[Stored data entries]

+++

(* Let $\mathcal{A}=\mathcal{A}_1+\dots+\mathcal{A}_R$ be a structured block term decomposition in $\mathbb{R}^{n_1\times\dots\times n_D}$, with $\mathcal{A}_r\in\mathcal{M}_r^{n_1,\dots,n_D}$ for Tucker core structures $\mathcal{M}_r\subseteq\mathbb{R}^{l_1^r\times\dots\times l_D^r}$, and with each $\mathcal{A}_r=(U_1^r,\dots,U_D^r)\cdot\mathcal{C}_r$ in compact HOSVD form. Assume that $(U_d^{r_1})^TU_d^{r_2}=0$ for every $d=1,\dots,D$ and every $r_1\neq r_2$. Then $\kappa^{\mathrm{SBTD}}(\mathcal{A}_1,\dots,\mathcal{A}_R)=1$.
   Context: For matrices $A_d\in\mathbb{R}^{k_d\times l_d}$ and $\mathcal{C}=(c_{i_1\dots i_D})$, $(A_1,\dots,A_D)\cdot\mathcal{C}:=\sum c_{i_1\dots i_D}(A_1e_{i_1})\otimes\dots\otimes(A_De_{i_D})$. $\mathbb{R}^{n\times l}_\star$ denotes real $n\times l$ matrices of rank $l$. A Tucker core structure is a smooth submanifold $\mathcal{M}\subseteq\mathbb{R}^{l_1\times\dots\times l_D}$ such that every $\mathcal{C}\in\mathcal{M}$ has multilinear rank $(l_1,\dots,l_D)$ and $(A_1,\dots,A_D)\cdot\mathcal{C}\in\mathcal{M}$ for all $A_d\in\mathrm{GL}(l_d)$. Its structured Tucker manifold is $\mathcal{M}^{n_1,\dots,n_D}:=\{(U_1,\dots,U_D)\cdot\mathcal{C}:\mathcal{C}\in\mathcal{M},U_d\in\mathbb{R}^{n_d\times l_d}_\star\}$ (a smooth embedded submanifold of $\mathbb{R}^{n_1\times\dots\times n_D}$). A compact HOSVD of $\mathcal{X}$ is $\mathcal{X}=(U_1,\dots,U_D)\cdot\mathcal{C}$ with each $U_d$ having orthonormal columns that are left singular vectors of the $d$-th unfolding $\mathcal{X}_{(d)}$ for its nonzero singular values, and $\mathcal{C}=(U_1^T,\dots,U_D^T)\cdot\mathcal{X}$. Condition number: for $\mathcal{A}_r\in\mathcal{M}_r^{n_1,\dots,n_D}$, let $T_r$ be a matrix whose columns form an orthonormal basis of the (vectorized) tangent space $T_{\mathcal{A}_r}\mathcal{M}_r^{n_1,\dots,n_D}$, and let the Terracini matrix be $T=[T_1\ \cdots\ T_R]$ with $N$ columns. Then $\kappa^{\mathrm{SBTD}}(\mathcal{A}_1,\dots,\mathcal{A}_R):=1/\sigma_N(T)$, where $\sigma_N(T)$ is the $N$-th largest singular value (taken to be $0$ if $N$ exceeds the number of rows), and $1/0=\infty$. (This equals the condition number of the local inverse of the addition map $(\mathcal{A}_1,\dots,\mathcal{A}_R)\mapsto\sum_r\mathcal{A}_r$.) *)

theory Defs
  imports "HOL-Analysis.Analysis"
begin

text \<open>All tensors of order D live in one ambient Euclidean space
  real^('d => 'i), where the finite type 'd indexes the D modes (D = CARD('d)) and
  the finite type 'i is a pool of row/column indices.  A tensor of shape
  n_1 x ... x n_D is an element supported on the box of index sets I d (card (I d) = n_d).
  Matrices are elements of real^'i^'i supported on a rectangle of index sets.\<close>

type_synonym ('d, 'i) tensor = "real ^ ('d \<Rightarrow> 'i)"

text \<open>Tensors supported on the box prod_d J d, i.e. the space R^(card J_1 x ... x card J_D).\<close>
definition box_space :: "('d::finite \<Rightarrow> 'i::finite set) \<Rightarrow> ('d, 'i) tensor set" where
  "box_space J = {X. \<forall>g. X $ g \<noteq> 0 \<longrightarrow> (\<forall>d. g d \<in> J d)}"

text \<open>Matrix supported on rows K and columns L (an element of R^(card K x card L)).\<close>
definition mat_on :: "'i::finite set \<Rightarrow> 'i set \<Rightarrow> real^'i^'i \<Rightarrow> bool" where
  "mat_on K L A \<longleftrightarrow> (\<forall>i j. A $ i $ j \<noteq> 0 \<longrightarrow> i \<in> K \<and> j \<in> L)"

definition full_rank_mat :: "'i::finite set \<Rightarrow> 'i set \<Rightarrow> real^'i^'i \<Rightarrow> bool" where
  "full_rank_mat K L A \<longleftrightarrow> mat_on K L A \<and> rank A = card L"

definition gl_mat :: "'i::finite set \<Rightarrow> real^'i^'i \<Rightarrow> bool" where
  "gl_mat L A \<longleftrightarrow> mat_on L L A \<and> rank A = card L"

definition mlprod :: "('d::finite \<Rightarrow> real^'i::finite^'i) \<Rightarrow> ('d, 'i) tensor \<Rightarrow> ('d, 'i) tensor" where
  "mlprod A X = (\<chi> f. \<Sum>g\<in>UNIV. X $ g * (\<Prod>d\<in>UNIV. A d $ (f d) $ (g d)))"

text \<open>d-th component of the multilinear rank: rank of the mode-d unfolding X_(d),
  i.e. dimension of the span of its columns (the mode-d fibres).\<close>
definition mlrank :: "('d::finite, 'i::finite) tensor \<Rightarrow> 'd \<Rightarrow> nat" where
  "mlrank X d = dim (span {(\<chi> i. X $ (g(d := i))) | g. True})"

text \<open>Gram matrix X_(d) X_(d)^T of the mode-d unfolding.\<close>
definition unfold_gram :: "('d::finite, 'i::finite) tensor \<Rightarrow> 'd \<Rightarrow> real^'i^'i" where
  "unfold_gram X d = (\<chi> i j. \<Sum>g\<in>{g. g d = i}. X $ g * X $ (g(d := j)))"

definition id_on :: "'i::finite set \<Rightarrow> real^'i^'i" where
  "id_on L = (\<chi> i j. if i = j \<and> i \<in> L then 1 else 0)"

text \<open>Compact HOSVD X = (U_1,...,U_D) . C of a tensor X of shape I, with U_d of size
  n_d x l_d (rows I d, columns L d): orthonormal columns, each column a left singular
  vector of X_(d) for a nonzero singular value (unit eigenvector of X_(d) X_(d)^T with
  positive eigenvalue), and C = (U_1^T,...,U_D^T) . X.\<close>
definition compact_hosvd ::
  "('d::finite \<Rightarrow> 'i::finite set) \<Rightarrow> ('d \<Rightarrow> 'i set) \<Rightarrow> ('d \<Rightarrow> real^'i^'i)
     \<Rightarrow> ('d, 'i) tensor \<Rightarrow> ('d, 'i) tensor \<Rightarrow> bool" where
  "compact_hosvd I L U C X \<longleftrightarrow>
     (\<forall>d. mat_on (I d) (L d) (U d)
        \<and> transpose (U d) ** U d = id_on (L d)
        \<and> (\<forall>j\<in>L d. \<exists>s>0. unfold_gram X d *v column j (U d) = s *\<^sub>R column j (U d)))
     \<and> X = mlprod U C
     \<and> C = mlprod (\<lambda>d. transpose (U d)) X"

text \<open>C-infinity maps on an open set: all iterated Frechet derivatives exist.
  Df vs x is the iterated derivative in directions vs at x.\<close>
definition smooth_on :: "'a::real_normed_vector set \<Rightarrow> ('a \<Rightarrow> 'b::real_normed_vector) \<Rightarrow> bool" where
  "smooth_on U f \<longleftrightarrow> open U \<and>
     (\<exists>Df :: 'a list \<Rightarrow> 'a \<Rightarrow> 'b.
        (\<forall>x\<in>U. Df [] x = f x) \<and>
        (\<forall>vs. \<forall>x\<in>U. (Df vs has_derivative (\<lambda>h. Df (h # vs) x)) (at x)))"

text \<open>Smooth embedded submanifold (slice-chart definition).\<close>
definition smooth_submanifold :: "'a::euclidean_space set \<Rightarrow> bool" where
  "smooth_submanifold M \<longleftrightarrow>
     (\<forall>p\<in>M. \<exists>W W' (\<psi>::'a \<Rightarrow> 'a) S.
        open W \<and> p \<in> W \<and> open W' \<and> bij_betw \<psi> W W' \<and>
        smooth_on W \<psi> \<and> smooth_on W' (inv_into W \<psi>) \<and>
        subspace S \<and> \<psi> ` (M \<inter> W) = W' \<inter> S)"

definition tangent_space :: "'a::euclidean_space set \<Rightarrow> 'a \<Rightarrow> 'a set" where
  "tangent_space M p = {v. \<exists>(\<gamma>::real \<Rightarrow> 'a) e. e > 0 \<and> smooth_on {-e<..<e} \<gamma> \<and>
       \<gamma> ` {-e<..<e} \<subseteq> M \<and> \<gamma> 0 = p \<and> (\<gamma> has_vector_derivative v) (at 0)}"

text \<open>Tucker core structure M in R^(l_1 x ... x l_D), l_d = card (L d).\<close>
definition tucker_core_structure :: "('d::finite \<Rightarrow> 'i::finite set) \<Rightarrow> ('d, 'i) tensor set \<Rightarrow> bool" where
  "tucker_core_structure L M \<longleftrightarrow>
     M \<subseteq> box_space L \<and> smooth_submanifold M \<and>
     (\<forall>C\<in>M. \<forall>d. mlrank C d = card (L d)) \<and>
     (\<forall>C\<in>M. \<forall>A. (\<forall>d. gl_mat (L d) (A d)) \<longrightarrow> mlprod A C \<in> M)"

definition structured_tucker ::
  "('d::finite, 'i::finite) tensor set \<Rightarrow> ('d \<Rightarrow> 'i set) \<Rightarrow> ('d \<Rightarrow> 'i set) \<Rightarrow> ('d, 'i) tensor set" where
  "structured_tucker M L I =
     {mlprod U C | U C. C \<in> M \<and> (\<forall>d. full_rank_mat (I d) (L d) (U d))}"

text \<open>Smallest singular value sigma_N of the Terracini matrix T = [T_1 ... T_R], T_r having
  orthonormal columns spanning the r-th tangent space TS r:
  sigma_N(T) = min over unit coefficient vectors x = (x_1..x_R) of norm (sum_r T_r x_r);
  writing v_r = T_r x_r (so norm v_r = norm x_r) this is the infimum below
  (it is automatically 0 when N exceeds the number of rows).\<close>
definition terracini_sigma_min :: "nat \<Rightarrow> (nat \<Rightarrow> 'a::euclidean_space set) \<Rightarrow> real" where
  "terracini_sigma_min R TS =
     Inf {norm (\<Sum>r<R. v r) | v. (\<forall>r<R. v r \<in> TS r) \<and> (\<Sum>r<R. (norm (v r))\<^sup>2) = 1}"

text \<open>kappa^SBTD = 1 / sigma_N(T), with 1/0 = infinity.\<close>
definition kappa_sbtd :: "nat \<Rightarrow> (nat \<Rightarrow> 'a::euclidean_space set) \<Rightarrow> ereal" where
  "kappa_sbtd R TS =
     (if terracini_sigma_min R TS = 0 then \<infinity> else ereal (1 / terracini_sigma_min R TS))"

end

theory Submission
  imports Defs
begin

(* Let A = (U_1,...,U_D) . C be a compact HOSVD and let P_d = U_d U_d^T and Q_d = I - P_d act on
   mode d.  Every tangent vector v at A satisfies Q_d Q_d' v = 0 for d ~= d': along a curve gamma in
   the manifold, the mode-d fibres of gamma(t) span a space of dimension at most l_d containing a
   frame that starts at the columns of U_d, and the mode-d fibres of Q_d' gamma(t) vanish at t = 0.
   If the U_d of two terms are orthogonal in every mode and D >= 3, two tensors v, w with this
   property are orthogonal: expanding v = P_a v + P_b v - P_a P_b v, and once more with a third
   mode, writes v as a sum of terms P_x P_y z with x ~= y, and
   <P_x P_y z, w> = <z, P_y P_x Q'_y Q'_x w> = 0 because P_x = P_x Q'_x.  Hence the tangent spaces
   are mutually orthogonal and Pythagoras gives sigma_N = 1. *)

section \<open>Velocities of curves in moving subspaces\<close>

lemma has_real_derivative_eq_0_if_quadratic_bound:
  fixes g :: "real \<Rightarrow> real"
  assumes "(g has_real_derivative D) (at 0)" and "g 0 = 0"
    and "eventually (\<lambda>t. \<bar>g t\<bar> \<le> c * t\<^sup>2) (at 0)"
  shows "D = 0"
proof -
  have "((\<lambda>t. g t / t) \<longlongrightarrow> D) (at 0)"
    using assms(1,2) by (simp add: has_field_derivative_iff)
  moreover have "eventually (\<lambda>t. norm (g t / t) \<le> c * \<bar>t\<bar>) (at 0)"
    using assms(3) eventually_neq_at_within[of 0 0 UNIV]
  proof eventually_elim
    case (elim t)
    then show ?case by (simp add: divide_le_eq power2_eq_square abs_mult)
  qed
  then have "((\<lambda>t. g t / t) \<longlongrightarrow> 0) (at 0)"
    by (rule Lim_null_comparison) (auto intro!: tendsto_eq_intros)
  ultimately show ?thesis
    using tendsto_unique[OF at_neq_bot] by blast
qed

lemma has_vector_derivative_imp_eventually_norm_diff_le:
  assumes "(f has_vector_derivative f') (at 0)"
  shows "eventually (\<lambda>t. norm (f t - f 0) \<le> (norm f' + 1) * \<bar>t\<bar>) (at 0)"
proof -
  obtain d where "d > 0"
    and d: "\<forall>t. norm (t - 0) < d \<longrightarrow> norm (f t - f 0 - (t - 0) *\<^sub>R f') \<le> 1 * norm (t - 0)"
    using assms unfolding has_vector_derivative_def has_derivative_at_alt by (meson zero_less_one)
  have "norm (f t - f 0) \<le> (norm f' + 1) * \<bar>t\<bar>" if "\<bar>t\<bar> < d" for t
    using d that norm_triangle_sub[of "f t - f 0" "t *\<^sub>R f'"] by (auto simp: algebra_simps)
  then show ?thesis
    unfolding eventually_at using \<open>d > 0\<close> by (auto simp: dist_real_def)
qed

+++

■ **What needs to be done**
Nothing but a number is asked for: how many lines of the records contain the word "noteq"?

■ **Your solution**
2